▸ **Problem description**
Look through the listing below and write out exactly the lines from the line with "define A where" to the line with "unfolding A_def T_def by (rule", both included, and no others.

▸ **Supplied material**
*** Begin section ***

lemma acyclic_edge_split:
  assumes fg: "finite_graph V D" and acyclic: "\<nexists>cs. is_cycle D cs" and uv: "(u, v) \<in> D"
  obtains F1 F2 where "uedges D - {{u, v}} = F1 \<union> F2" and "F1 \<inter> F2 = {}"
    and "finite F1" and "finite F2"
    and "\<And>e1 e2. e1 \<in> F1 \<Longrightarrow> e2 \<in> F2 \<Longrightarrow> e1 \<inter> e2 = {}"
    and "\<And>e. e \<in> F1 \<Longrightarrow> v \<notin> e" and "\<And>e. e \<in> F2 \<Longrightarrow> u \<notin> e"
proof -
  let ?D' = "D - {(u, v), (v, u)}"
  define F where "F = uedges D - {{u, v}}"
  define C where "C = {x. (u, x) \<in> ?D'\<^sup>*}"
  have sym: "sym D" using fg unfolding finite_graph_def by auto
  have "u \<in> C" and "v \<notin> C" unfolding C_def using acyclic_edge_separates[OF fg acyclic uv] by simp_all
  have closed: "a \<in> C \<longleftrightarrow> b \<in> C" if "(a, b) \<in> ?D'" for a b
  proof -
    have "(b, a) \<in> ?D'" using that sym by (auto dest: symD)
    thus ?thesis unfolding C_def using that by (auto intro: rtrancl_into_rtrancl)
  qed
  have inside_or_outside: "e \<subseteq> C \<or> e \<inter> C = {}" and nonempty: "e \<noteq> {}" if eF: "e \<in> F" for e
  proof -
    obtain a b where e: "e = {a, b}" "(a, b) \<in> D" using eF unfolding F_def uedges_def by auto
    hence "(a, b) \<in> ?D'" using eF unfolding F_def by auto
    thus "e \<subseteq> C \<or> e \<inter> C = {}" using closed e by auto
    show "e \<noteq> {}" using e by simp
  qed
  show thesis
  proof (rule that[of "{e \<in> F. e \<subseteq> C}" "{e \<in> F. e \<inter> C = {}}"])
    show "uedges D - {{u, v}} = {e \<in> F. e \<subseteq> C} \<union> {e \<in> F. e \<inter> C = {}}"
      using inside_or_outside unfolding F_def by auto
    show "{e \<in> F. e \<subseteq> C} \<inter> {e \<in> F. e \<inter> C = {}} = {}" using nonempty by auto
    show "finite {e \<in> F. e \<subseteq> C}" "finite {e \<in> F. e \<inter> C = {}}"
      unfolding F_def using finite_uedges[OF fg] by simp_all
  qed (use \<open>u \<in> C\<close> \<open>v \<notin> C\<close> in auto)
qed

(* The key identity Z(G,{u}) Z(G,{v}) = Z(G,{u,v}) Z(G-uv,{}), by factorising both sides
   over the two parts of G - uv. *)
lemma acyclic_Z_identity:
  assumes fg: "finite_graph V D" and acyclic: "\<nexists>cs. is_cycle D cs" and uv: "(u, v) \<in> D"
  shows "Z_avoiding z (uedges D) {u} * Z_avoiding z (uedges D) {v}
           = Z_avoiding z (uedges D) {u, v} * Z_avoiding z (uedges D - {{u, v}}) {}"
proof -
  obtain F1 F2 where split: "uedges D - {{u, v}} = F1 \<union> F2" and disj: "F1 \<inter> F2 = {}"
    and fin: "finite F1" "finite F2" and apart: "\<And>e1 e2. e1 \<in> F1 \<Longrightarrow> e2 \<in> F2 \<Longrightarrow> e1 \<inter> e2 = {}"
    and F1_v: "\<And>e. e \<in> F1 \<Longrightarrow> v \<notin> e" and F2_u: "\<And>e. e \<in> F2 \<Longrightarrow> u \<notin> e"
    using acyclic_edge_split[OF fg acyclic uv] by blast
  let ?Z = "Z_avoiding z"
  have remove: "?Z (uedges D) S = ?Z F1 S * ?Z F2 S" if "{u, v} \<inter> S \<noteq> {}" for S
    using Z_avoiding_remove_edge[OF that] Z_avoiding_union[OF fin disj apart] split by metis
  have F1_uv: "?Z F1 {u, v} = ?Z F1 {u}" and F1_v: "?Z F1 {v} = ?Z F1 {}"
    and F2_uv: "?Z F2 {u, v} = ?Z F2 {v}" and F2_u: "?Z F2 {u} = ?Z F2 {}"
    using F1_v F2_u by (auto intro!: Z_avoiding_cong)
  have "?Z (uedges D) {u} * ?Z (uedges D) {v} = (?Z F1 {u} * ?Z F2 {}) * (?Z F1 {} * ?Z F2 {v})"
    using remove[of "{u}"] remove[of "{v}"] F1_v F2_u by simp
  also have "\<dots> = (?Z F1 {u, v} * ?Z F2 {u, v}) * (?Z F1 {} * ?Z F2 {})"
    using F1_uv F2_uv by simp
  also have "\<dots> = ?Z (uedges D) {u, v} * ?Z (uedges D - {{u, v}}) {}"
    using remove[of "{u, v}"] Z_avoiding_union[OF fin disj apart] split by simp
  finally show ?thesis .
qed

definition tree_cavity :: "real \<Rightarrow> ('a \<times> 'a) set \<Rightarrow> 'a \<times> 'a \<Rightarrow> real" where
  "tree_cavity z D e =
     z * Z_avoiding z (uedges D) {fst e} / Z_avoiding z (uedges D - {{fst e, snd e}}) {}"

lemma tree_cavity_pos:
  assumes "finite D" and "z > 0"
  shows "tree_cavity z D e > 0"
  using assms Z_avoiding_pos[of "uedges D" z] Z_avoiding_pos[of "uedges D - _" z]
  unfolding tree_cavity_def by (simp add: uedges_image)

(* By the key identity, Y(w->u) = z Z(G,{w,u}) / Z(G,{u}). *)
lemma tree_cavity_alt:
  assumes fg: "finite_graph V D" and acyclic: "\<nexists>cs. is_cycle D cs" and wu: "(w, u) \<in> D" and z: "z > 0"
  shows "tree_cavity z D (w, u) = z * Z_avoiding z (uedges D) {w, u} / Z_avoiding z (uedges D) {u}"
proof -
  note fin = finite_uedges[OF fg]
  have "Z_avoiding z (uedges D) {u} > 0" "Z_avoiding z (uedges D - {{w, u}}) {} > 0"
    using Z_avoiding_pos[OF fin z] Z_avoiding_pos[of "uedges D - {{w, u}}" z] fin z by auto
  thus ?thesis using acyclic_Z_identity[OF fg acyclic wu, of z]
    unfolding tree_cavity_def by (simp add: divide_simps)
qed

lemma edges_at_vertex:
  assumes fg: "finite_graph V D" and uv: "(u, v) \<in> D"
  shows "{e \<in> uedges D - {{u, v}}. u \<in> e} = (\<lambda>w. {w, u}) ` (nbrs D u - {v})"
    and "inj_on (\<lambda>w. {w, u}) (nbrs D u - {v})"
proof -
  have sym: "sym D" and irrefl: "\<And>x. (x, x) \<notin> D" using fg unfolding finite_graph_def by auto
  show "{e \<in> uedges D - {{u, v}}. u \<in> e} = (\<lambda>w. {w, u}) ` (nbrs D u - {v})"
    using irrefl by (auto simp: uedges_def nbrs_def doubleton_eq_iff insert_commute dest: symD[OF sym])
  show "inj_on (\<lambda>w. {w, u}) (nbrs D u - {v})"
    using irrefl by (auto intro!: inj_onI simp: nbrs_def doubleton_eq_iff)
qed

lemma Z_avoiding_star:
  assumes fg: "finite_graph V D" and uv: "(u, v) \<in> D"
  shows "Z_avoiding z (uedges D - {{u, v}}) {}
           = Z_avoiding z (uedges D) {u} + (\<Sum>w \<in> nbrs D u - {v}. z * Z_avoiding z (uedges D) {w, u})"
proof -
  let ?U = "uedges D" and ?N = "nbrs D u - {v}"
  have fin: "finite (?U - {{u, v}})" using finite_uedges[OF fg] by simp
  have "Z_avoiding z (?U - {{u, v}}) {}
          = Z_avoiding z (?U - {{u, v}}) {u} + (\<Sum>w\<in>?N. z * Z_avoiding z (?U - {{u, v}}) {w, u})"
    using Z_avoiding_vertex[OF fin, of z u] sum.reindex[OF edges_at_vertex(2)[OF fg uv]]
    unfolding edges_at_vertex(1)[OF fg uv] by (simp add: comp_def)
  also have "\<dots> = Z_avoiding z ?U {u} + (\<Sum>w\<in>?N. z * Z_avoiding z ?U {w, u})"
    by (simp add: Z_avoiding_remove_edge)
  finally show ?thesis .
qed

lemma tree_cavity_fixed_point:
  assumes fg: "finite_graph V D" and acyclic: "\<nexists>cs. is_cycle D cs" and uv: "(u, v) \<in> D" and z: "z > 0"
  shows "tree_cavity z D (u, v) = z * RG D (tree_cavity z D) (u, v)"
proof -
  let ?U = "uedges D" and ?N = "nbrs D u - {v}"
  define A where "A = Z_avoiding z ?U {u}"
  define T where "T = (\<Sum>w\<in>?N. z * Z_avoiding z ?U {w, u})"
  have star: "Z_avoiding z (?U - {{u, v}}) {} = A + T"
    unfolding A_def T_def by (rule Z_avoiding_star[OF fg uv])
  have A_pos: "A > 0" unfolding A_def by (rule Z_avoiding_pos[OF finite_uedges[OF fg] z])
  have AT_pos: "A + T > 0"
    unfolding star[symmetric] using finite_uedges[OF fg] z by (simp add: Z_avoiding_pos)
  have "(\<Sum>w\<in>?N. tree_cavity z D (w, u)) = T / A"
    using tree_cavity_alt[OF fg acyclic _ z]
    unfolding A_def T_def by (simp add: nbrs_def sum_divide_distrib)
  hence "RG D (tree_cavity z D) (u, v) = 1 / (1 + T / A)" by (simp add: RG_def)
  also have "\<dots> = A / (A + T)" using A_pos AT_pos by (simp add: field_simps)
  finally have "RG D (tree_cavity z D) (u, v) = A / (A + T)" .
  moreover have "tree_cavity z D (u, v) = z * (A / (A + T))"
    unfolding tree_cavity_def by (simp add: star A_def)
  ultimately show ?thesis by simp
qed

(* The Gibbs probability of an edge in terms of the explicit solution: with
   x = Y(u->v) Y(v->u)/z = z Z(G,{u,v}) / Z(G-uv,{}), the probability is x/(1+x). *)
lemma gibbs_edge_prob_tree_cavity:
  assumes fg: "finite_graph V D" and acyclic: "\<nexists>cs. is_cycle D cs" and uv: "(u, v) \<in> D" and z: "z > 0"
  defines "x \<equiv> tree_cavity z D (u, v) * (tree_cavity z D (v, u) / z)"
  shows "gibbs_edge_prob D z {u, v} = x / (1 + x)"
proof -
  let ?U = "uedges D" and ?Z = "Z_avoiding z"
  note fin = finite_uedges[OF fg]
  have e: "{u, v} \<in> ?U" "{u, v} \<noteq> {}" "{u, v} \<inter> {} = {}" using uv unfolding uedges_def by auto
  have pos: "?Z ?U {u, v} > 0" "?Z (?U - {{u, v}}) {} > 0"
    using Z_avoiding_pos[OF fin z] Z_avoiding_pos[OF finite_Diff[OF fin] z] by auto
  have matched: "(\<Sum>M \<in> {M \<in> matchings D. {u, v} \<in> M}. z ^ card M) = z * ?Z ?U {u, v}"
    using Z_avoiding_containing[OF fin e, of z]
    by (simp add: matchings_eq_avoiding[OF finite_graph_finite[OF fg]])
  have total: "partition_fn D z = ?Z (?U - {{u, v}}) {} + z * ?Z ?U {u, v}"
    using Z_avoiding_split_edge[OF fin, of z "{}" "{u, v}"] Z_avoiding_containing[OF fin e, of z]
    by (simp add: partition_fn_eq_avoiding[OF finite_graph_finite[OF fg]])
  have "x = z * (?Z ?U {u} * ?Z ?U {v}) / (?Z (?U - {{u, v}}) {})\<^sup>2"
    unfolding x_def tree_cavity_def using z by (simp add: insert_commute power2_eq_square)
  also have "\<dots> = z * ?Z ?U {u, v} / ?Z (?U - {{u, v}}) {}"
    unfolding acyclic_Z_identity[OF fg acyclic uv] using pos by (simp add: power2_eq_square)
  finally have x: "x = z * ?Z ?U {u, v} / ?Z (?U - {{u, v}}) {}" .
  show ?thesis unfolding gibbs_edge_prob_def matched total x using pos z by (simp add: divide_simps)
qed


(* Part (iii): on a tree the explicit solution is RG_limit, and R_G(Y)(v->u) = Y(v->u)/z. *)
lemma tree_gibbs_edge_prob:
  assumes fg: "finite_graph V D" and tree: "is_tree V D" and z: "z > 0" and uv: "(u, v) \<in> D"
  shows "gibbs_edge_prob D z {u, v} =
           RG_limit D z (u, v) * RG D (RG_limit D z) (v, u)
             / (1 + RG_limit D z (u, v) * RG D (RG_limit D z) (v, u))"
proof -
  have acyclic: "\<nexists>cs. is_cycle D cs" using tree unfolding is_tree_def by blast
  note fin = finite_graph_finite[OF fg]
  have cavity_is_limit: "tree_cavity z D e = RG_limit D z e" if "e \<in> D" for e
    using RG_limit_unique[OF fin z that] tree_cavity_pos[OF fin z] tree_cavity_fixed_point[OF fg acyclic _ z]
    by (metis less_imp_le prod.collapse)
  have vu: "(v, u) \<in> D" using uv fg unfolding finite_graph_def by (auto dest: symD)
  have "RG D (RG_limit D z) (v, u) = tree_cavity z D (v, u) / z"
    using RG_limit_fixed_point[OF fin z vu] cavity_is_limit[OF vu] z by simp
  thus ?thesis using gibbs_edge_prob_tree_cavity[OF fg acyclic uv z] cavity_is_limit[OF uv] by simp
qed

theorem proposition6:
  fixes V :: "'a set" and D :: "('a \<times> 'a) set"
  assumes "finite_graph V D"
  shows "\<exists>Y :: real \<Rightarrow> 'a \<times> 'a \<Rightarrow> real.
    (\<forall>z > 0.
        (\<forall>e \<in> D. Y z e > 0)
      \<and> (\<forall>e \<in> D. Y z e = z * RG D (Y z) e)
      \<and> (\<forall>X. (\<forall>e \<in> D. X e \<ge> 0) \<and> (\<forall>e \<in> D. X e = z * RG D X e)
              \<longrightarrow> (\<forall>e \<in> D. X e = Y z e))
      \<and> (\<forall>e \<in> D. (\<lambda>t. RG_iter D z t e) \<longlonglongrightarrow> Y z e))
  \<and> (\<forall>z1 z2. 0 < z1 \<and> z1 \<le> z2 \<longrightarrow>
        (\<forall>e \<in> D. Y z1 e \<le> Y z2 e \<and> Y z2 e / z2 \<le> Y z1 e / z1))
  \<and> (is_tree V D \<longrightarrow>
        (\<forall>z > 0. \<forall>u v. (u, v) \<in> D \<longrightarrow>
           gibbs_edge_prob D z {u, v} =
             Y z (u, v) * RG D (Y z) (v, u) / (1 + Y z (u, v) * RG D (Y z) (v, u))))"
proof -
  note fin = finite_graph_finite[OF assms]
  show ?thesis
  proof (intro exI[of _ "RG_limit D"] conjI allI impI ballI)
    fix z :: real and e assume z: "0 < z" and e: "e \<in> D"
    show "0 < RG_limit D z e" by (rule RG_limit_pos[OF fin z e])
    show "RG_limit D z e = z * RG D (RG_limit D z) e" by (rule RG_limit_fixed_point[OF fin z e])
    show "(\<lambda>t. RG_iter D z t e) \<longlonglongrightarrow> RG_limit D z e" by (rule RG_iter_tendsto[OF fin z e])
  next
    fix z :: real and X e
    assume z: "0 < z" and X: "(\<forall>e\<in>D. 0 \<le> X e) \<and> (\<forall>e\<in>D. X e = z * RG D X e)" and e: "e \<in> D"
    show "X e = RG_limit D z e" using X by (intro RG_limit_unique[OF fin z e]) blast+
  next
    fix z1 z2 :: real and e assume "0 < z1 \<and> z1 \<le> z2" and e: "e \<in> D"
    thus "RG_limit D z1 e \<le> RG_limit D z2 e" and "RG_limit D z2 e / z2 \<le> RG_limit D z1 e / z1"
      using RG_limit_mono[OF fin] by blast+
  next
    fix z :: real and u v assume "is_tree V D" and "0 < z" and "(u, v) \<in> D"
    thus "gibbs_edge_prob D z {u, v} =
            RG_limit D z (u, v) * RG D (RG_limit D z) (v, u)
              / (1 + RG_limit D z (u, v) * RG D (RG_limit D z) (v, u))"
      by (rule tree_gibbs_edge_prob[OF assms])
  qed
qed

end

*** End section ***

▸ **Answer**
  define A where "A = Z_avoiding z ?U {u}"
  define T where "T = (\<Sum>w\<in>?N. z * Z_avoiding z ?U {w, u})"
  have star: "Z_avoiding z (?U - {{u, v}}) {} = A + T"
    unfolding A_def T_def by (rule Z_avoiding_star[OF fg uv])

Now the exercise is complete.